▶ _INSTRUCTIONS FOR THE TASK_:
Repeat verbatim, and only, the lines of the data below, beginning at the line that contains "absolutely_continuous P Q \<and>" and stopping after the line that contains "with \<open>KL(Q\<parallel>P) \<le> \<kappa>\<close>.".

▶ _SOURCE INFORMATION_:
....

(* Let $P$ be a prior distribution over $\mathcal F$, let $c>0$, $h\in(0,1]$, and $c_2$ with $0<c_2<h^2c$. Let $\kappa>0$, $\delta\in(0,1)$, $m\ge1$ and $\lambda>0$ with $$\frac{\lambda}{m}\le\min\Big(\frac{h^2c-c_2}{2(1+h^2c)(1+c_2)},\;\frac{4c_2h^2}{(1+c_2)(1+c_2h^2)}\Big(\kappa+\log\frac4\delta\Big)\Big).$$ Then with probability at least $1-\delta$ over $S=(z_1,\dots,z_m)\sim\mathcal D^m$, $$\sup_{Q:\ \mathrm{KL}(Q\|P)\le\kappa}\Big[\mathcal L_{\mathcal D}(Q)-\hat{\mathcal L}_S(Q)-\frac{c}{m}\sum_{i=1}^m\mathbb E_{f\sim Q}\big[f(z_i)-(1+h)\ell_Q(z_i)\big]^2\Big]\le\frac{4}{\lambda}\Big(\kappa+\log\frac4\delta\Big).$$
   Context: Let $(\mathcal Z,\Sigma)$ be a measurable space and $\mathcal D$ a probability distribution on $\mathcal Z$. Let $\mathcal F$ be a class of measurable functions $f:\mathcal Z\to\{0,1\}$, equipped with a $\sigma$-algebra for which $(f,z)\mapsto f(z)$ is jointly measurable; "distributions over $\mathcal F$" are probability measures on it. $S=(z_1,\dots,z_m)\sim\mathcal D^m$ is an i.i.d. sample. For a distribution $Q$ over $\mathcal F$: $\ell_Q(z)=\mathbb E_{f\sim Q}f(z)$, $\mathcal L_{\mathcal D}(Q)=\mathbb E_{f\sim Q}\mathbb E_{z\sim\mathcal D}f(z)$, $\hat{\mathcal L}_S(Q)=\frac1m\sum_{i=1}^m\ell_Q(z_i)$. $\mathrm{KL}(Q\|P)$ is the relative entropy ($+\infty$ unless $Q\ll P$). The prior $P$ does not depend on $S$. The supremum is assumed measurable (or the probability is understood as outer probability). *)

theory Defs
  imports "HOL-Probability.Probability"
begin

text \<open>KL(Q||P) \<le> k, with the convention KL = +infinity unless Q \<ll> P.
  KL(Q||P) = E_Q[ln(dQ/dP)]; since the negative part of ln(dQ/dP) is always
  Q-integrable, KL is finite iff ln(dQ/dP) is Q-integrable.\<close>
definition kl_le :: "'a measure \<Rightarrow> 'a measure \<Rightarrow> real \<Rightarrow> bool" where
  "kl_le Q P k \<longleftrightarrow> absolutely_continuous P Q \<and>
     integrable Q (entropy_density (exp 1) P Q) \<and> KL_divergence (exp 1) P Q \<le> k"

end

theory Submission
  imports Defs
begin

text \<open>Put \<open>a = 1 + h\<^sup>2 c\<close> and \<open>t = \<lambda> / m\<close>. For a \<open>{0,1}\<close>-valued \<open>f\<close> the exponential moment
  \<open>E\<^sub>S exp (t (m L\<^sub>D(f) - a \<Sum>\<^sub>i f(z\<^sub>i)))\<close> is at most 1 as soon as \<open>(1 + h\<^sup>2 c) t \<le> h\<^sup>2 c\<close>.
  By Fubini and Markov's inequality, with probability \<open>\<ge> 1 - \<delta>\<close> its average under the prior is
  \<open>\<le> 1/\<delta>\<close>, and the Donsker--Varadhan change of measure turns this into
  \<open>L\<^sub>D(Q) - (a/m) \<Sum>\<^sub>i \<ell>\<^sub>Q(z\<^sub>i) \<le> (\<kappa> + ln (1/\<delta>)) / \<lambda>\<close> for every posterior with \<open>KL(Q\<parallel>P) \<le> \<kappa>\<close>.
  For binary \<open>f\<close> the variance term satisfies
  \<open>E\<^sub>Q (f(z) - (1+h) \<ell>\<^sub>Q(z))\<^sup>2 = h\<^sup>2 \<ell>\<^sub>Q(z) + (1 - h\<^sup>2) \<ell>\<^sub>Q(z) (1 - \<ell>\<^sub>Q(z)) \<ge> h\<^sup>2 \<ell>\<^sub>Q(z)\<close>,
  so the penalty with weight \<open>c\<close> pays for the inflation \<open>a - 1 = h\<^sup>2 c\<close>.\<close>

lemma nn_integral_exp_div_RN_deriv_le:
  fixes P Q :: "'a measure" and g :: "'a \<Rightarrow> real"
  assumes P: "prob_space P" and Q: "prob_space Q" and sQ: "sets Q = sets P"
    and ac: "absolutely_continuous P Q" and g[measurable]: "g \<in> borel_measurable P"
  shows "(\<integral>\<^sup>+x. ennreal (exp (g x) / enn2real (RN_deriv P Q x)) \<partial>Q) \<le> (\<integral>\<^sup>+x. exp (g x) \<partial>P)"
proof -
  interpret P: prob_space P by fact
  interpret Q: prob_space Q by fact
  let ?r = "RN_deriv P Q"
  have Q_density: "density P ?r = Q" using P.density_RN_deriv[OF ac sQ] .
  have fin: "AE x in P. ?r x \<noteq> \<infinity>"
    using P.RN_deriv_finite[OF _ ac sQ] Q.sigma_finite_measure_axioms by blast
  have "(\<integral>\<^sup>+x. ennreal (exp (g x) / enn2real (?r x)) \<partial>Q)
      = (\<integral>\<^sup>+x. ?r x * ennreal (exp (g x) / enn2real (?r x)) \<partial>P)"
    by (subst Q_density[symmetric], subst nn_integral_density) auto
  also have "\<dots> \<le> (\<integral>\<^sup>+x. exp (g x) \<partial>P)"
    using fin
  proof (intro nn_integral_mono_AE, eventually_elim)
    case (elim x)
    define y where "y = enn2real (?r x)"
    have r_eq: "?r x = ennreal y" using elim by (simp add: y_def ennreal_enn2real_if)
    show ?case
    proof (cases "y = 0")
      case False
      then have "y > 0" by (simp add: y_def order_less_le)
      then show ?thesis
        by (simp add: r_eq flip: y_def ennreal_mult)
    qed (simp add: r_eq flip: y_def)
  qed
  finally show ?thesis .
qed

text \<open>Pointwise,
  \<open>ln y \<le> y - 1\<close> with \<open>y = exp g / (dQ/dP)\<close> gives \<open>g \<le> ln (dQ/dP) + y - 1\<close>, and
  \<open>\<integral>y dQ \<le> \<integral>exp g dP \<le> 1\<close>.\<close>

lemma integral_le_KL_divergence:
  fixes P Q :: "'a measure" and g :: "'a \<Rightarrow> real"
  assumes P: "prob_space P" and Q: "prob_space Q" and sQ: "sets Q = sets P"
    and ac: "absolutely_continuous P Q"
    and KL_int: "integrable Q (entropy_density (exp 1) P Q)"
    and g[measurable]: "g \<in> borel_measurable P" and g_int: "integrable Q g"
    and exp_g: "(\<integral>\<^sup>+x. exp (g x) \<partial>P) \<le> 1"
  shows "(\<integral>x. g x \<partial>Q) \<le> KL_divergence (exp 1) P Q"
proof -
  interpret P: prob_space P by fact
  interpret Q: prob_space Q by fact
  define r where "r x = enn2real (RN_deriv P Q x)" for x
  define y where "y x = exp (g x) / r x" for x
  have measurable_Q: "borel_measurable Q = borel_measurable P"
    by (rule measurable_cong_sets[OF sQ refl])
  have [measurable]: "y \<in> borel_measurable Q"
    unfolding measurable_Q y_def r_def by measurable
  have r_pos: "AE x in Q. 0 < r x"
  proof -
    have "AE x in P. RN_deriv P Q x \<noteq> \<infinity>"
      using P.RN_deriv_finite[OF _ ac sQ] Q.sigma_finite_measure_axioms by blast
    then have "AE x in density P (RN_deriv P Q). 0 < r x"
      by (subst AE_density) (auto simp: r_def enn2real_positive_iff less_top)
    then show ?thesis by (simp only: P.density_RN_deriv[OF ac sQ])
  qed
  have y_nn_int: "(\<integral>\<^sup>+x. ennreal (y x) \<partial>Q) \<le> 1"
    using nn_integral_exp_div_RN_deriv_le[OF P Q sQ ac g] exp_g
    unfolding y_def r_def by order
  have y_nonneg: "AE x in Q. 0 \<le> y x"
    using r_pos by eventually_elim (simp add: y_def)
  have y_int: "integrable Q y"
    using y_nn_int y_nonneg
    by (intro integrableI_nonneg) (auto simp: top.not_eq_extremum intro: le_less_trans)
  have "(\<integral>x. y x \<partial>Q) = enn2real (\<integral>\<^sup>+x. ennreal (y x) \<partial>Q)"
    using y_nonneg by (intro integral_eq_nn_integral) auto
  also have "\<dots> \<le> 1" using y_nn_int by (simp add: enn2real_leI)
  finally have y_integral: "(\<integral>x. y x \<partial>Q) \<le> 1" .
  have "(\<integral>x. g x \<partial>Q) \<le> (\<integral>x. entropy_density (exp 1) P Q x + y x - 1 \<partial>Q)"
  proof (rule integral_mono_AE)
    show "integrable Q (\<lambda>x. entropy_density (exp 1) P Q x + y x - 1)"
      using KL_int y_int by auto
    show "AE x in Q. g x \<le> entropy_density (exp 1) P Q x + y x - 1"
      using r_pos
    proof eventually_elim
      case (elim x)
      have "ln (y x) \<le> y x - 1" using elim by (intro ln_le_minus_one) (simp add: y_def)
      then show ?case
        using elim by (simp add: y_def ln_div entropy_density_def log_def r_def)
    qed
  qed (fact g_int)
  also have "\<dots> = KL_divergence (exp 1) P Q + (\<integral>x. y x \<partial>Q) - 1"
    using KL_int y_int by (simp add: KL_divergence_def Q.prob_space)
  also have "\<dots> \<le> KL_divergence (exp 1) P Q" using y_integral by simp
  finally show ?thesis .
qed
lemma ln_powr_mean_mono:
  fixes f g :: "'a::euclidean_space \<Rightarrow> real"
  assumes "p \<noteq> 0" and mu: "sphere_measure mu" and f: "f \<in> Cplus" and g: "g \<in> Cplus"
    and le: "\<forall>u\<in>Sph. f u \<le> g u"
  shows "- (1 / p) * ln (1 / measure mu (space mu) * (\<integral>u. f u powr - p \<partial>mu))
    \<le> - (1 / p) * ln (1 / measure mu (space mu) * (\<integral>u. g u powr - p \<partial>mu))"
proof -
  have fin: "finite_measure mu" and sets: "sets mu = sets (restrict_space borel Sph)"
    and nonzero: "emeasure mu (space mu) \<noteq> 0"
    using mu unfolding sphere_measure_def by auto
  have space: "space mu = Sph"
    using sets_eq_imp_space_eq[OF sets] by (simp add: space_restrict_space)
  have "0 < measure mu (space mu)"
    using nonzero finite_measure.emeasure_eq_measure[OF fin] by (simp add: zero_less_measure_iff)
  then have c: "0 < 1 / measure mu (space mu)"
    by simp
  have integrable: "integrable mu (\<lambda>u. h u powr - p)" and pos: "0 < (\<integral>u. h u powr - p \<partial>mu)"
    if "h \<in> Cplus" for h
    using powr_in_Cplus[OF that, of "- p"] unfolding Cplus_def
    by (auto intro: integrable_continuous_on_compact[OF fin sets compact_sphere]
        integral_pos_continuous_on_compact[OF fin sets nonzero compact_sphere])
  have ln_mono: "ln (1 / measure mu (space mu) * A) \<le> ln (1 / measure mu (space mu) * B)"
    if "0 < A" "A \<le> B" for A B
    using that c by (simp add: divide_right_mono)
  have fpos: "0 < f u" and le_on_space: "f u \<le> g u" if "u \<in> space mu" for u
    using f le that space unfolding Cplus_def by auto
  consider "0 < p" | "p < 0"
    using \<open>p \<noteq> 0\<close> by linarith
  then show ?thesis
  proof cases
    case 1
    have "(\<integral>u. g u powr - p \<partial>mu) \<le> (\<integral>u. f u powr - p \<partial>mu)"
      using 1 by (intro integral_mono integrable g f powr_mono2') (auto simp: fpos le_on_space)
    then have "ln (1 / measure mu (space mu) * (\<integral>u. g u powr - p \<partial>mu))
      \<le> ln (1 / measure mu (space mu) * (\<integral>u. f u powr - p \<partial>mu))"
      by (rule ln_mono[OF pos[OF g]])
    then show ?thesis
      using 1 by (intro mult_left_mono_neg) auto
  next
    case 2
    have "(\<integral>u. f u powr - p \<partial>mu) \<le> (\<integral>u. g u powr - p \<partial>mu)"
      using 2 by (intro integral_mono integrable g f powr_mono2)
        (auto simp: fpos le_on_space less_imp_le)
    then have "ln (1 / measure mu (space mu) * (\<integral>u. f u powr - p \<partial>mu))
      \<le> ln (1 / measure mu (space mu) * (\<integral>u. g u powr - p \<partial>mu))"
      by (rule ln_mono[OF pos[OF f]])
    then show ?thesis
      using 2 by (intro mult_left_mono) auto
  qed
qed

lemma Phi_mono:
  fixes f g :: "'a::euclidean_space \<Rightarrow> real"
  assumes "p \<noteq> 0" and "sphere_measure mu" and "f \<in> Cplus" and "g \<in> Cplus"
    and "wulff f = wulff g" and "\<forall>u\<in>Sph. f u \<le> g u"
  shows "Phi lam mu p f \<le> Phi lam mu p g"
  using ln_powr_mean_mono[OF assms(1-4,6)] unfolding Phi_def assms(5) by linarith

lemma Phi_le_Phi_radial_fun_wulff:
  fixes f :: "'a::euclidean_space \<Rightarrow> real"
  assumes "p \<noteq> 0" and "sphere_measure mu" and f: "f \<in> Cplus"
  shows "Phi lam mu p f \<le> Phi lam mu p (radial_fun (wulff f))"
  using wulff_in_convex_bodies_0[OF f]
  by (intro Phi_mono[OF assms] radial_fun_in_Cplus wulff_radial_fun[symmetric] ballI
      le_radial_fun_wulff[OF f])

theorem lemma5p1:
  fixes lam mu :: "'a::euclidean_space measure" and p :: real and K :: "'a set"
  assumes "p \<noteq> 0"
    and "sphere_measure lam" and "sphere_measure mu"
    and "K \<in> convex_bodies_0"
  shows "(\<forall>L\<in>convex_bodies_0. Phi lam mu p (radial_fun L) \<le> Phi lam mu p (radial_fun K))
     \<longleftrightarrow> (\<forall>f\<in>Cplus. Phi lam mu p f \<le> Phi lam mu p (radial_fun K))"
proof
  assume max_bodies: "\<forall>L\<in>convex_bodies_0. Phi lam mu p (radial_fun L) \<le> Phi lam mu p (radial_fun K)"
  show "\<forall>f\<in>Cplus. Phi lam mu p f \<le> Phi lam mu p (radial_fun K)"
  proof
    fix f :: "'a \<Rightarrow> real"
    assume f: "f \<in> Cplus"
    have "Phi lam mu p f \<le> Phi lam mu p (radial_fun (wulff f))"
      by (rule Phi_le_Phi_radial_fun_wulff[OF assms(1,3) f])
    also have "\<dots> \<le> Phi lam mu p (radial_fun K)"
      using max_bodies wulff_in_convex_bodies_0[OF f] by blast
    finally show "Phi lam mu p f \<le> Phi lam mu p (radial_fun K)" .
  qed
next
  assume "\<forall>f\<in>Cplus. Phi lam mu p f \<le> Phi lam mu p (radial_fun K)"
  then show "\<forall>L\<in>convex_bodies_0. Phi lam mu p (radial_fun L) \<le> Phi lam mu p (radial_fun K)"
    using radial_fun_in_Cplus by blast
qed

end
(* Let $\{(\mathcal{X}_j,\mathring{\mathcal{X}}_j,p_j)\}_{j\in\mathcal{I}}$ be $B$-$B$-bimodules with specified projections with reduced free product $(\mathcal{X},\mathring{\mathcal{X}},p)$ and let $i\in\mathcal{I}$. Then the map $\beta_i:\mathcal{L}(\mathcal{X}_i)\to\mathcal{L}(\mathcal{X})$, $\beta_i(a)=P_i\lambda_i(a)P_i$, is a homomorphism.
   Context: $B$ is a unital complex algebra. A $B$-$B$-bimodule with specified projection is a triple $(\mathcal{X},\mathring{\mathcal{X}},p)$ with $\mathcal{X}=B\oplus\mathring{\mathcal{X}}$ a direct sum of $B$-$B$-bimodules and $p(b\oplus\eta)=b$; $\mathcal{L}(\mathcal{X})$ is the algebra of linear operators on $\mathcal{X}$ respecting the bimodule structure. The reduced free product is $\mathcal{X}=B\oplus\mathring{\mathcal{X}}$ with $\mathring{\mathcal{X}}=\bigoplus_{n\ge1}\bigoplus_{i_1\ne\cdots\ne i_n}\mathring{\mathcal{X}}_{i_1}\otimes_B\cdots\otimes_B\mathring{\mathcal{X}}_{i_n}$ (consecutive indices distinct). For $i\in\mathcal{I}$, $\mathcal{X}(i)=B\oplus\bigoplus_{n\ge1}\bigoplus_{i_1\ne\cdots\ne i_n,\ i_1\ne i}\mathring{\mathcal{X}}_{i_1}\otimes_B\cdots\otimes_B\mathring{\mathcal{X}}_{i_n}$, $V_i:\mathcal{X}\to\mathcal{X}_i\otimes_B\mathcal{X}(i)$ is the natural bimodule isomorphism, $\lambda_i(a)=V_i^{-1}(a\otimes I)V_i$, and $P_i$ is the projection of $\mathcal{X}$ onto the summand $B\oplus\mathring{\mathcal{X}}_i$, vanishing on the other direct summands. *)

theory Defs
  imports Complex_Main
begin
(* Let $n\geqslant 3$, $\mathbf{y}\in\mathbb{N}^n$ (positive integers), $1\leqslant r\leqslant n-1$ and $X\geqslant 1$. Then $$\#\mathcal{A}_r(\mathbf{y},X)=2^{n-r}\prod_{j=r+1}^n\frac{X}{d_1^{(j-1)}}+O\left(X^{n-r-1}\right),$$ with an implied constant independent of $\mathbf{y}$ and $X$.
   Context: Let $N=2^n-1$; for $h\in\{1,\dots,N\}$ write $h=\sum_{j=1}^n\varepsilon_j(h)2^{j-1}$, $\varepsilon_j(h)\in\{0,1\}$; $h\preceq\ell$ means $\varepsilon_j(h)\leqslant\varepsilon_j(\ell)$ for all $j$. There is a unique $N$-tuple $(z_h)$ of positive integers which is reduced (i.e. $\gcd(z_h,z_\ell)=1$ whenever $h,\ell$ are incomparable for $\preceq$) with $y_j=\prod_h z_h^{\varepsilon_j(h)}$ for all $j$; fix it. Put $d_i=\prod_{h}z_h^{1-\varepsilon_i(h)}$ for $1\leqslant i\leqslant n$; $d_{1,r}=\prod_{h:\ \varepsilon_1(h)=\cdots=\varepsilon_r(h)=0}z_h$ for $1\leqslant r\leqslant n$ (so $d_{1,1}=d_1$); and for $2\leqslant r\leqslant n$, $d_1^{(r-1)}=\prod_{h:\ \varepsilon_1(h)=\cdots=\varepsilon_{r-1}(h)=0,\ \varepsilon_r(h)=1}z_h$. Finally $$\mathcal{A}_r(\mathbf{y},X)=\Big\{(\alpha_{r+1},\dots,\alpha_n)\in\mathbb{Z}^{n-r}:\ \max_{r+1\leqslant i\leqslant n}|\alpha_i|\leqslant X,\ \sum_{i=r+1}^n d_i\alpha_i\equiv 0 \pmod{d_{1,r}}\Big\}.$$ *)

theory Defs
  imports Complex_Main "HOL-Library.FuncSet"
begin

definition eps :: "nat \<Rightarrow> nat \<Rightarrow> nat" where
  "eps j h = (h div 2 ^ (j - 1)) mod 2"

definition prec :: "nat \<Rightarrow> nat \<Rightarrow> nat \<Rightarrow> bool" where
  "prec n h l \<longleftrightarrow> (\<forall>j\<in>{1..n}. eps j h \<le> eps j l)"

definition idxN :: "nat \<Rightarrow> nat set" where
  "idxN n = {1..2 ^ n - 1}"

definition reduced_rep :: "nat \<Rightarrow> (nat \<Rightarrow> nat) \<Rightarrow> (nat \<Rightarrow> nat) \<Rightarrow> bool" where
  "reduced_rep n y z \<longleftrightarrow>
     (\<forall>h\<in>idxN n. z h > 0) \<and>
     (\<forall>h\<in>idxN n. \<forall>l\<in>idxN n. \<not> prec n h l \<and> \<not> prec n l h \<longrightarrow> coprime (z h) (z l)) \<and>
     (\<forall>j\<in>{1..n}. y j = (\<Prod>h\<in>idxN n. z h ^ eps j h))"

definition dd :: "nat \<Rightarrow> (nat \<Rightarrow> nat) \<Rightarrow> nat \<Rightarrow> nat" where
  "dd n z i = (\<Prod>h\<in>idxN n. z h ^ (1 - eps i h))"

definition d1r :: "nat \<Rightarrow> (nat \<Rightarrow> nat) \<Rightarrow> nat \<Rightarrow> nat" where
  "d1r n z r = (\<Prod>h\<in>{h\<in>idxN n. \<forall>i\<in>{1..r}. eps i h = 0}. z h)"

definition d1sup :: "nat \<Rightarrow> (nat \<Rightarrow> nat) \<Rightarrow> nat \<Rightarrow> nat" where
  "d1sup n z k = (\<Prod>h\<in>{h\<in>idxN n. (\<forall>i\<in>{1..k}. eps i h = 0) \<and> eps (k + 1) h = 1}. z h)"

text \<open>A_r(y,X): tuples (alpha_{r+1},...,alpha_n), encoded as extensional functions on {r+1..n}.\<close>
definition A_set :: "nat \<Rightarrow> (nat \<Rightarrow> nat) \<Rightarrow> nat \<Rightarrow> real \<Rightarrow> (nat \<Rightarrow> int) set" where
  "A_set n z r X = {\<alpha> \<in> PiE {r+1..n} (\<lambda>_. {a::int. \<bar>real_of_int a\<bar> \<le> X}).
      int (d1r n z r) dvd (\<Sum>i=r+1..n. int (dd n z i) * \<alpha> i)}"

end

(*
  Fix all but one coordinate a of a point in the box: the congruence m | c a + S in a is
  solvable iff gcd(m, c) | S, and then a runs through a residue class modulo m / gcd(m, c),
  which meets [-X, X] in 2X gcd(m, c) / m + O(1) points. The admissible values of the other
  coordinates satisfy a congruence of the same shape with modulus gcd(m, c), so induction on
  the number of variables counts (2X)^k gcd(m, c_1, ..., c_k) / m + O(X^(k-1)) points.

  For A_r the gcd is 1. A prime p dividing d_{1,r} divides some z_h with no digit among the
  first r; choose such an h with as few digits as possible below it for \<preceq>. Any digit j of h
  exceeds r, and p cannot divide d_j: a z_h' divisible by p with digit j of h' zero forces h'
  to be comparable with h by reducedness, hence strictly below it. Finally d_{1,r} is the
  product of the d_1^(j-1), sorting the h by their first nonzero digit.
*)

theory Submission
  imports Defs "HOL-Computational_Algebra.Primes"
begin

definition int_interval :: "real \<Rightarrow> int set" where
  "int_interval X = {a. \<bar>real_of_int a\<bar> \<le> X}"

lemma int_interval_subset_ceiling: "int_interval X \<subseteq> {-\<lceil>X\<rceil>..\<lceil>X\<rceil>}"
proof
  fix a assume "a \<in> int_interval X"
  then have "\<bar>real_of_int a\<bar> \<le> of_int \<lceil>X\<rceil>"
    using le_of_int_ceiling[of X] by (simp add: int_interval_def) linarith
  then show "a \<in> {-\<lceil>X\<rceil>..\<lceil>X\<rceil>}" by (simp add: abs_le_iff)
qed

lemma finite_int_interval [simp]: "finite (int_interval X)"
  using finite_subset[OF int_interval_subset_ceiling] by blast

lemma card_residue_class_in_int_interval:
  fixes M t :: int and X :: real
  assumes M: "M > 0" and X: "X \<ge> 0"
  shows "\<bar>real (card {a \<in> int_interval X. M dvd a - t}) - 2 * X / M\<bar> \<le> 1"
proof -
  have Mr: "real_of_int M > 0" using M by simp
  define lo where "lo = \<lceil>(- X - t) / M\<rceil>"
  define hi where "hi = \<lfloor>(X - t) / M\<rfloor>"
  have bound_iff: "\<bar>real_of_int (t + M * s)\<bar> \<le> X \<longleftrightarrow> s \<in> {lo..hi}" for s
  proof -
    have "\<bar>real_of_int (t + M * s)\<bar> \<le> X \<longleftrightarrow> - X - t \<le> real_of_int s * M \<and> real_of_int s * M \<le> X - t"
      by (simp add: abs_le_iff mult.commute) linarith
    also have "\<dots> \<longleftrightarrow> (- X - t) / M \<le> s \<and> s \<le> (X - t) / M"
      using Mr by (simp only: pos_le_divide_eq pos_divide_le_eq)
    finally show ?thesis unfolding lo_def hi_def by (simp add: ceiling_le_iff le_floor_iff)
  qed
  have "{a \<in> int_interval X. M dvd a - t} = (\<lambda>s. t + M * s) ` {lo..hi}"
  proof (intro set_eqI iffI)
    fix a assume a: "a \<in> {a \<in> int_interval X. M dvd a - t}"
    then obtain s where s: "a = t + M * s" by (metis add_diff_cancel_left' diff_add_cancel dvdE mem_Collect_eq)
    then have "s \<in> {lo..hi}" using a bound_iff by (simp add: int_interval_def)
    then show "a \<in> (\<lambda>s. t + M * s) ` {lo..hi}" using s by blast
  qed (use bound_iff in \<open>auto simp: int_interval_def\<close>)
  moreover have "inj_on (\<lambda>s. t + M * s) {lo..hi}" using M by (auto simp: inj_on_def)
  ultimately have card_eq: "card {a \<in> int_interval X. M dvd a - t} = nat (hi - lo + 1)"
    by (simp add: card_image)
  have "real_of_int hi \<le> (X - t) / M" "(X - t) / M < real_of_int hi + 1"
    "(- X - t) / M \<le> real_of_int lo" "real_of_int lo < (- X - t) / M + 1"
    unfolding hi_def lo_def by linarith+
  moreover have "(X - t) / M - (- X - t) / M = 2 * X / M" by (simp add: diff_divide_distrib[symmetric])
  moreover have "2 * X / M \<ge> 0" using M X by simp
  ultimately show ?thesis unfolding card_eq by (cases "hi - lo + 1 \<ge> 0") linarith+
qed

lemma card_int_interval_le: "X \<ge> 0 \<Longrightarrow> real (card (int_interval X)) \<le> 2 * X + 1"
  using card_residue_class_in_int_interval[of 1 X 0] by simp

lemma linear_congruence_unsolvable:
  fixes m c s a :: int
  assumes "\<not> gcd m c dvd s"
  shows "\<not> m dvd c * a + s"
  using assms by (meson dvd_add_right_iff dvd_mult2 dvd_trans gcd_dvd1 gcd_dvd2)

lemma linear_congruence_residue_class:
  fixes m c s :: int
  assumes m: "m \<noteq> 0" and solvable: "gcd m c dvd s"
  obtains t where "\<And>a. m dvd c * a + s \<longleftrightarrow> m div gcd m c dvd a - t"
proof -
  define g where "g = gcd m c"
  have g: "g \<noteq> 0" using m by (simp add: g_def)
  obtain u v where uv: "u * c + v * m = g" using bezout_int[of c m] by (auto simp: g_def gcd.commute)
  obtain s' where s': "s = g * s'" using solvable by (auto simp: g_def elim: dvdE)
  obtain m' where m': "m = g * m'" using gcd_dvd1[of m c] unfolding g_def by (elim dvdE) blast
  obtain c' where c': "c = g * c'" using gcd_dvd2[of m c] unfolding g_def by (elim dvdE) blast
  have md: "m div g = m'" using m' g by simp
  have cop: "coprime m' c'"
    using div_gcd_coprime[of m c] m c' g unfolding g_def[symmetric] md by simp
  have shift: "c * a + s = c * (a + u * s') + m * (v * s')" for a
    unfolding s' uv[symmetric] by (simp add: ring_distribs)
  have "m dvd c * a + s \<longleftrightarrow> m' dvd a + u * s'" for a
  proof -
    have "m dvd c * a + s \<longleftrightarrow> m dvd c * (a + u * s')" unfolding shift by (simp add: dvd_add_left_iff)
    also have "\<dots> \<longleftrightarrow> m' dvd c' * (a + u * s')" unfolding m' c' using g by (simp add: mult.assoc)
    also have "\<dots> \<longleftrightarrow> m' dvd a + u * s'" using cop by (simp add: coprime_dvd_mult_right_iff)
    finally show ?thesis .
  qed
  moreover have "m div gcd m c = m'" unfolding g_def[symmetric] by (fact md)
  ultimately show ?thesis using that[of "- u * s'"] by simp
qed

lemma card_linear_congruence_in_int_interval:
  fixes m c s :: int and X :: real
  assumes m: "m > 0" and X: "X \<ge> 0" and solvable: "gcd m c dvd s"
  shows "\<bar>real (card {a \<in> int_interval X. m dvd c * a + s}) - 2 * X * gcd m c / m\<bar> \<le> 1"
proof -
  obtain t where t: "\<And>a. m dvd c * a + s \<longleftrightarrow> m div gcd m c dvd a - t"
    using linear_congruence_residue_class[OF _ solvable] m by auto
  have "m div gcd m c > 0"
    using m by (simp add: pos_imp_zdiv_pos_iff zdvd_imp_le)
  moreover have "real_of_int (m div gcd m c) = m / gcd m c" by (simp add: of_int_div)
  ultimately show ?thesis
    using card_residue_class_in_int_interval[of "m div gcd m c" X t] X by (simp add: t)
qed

....

▶ _SOLUTION FOR THIS PROBLEM_:
  "kl_le Q P k \<longleftrightarrow> absolutely_continuous P Q \<and>
     integrable Q (entropy_density (exp 1) P Q) \<and> KL_divergence (exp 1) P Q \<le> k"

end

theory Submission
  imports Defs
begin

text \<open>Put \<open>a = 1 + h\<^sup>2 c\<close> and \<open>t = \<lambda> / m\<close>. For a \<open>{0,1}\<close>-valued \<open>f\<close> the exponential moment
  \<open>E\<^sub>S exp (t (m L\<^sub>D(f) - a \<Sum>\<^sub>i f(z\<^sub>i)))\<close> is at most 1 as soon as \<open>(1 + h\<^sup>2 c) t \<le> h\<^sup>2 c\<close>.
  By Fubini and Markov's inequality, with probability \<open>\<ge> 1 - \<delta>\<close> its average under the prior is
  \<open>\<le> 1/\<delta>\<close>, and the Donsker--Varadhan change of measure turns this into
  \<open>L\<^sub>D(Q) - (a/m) \<Sum>\<^sub>i \<ell>\<^sub>Q(z\<^sub>i) \<le> (\<kappa> + ln (1/\<delta>)) / \<lambda>\<close> for every posterior with \<open>KL(Q\<parallel>P) \<le> \<kappa>\<close>.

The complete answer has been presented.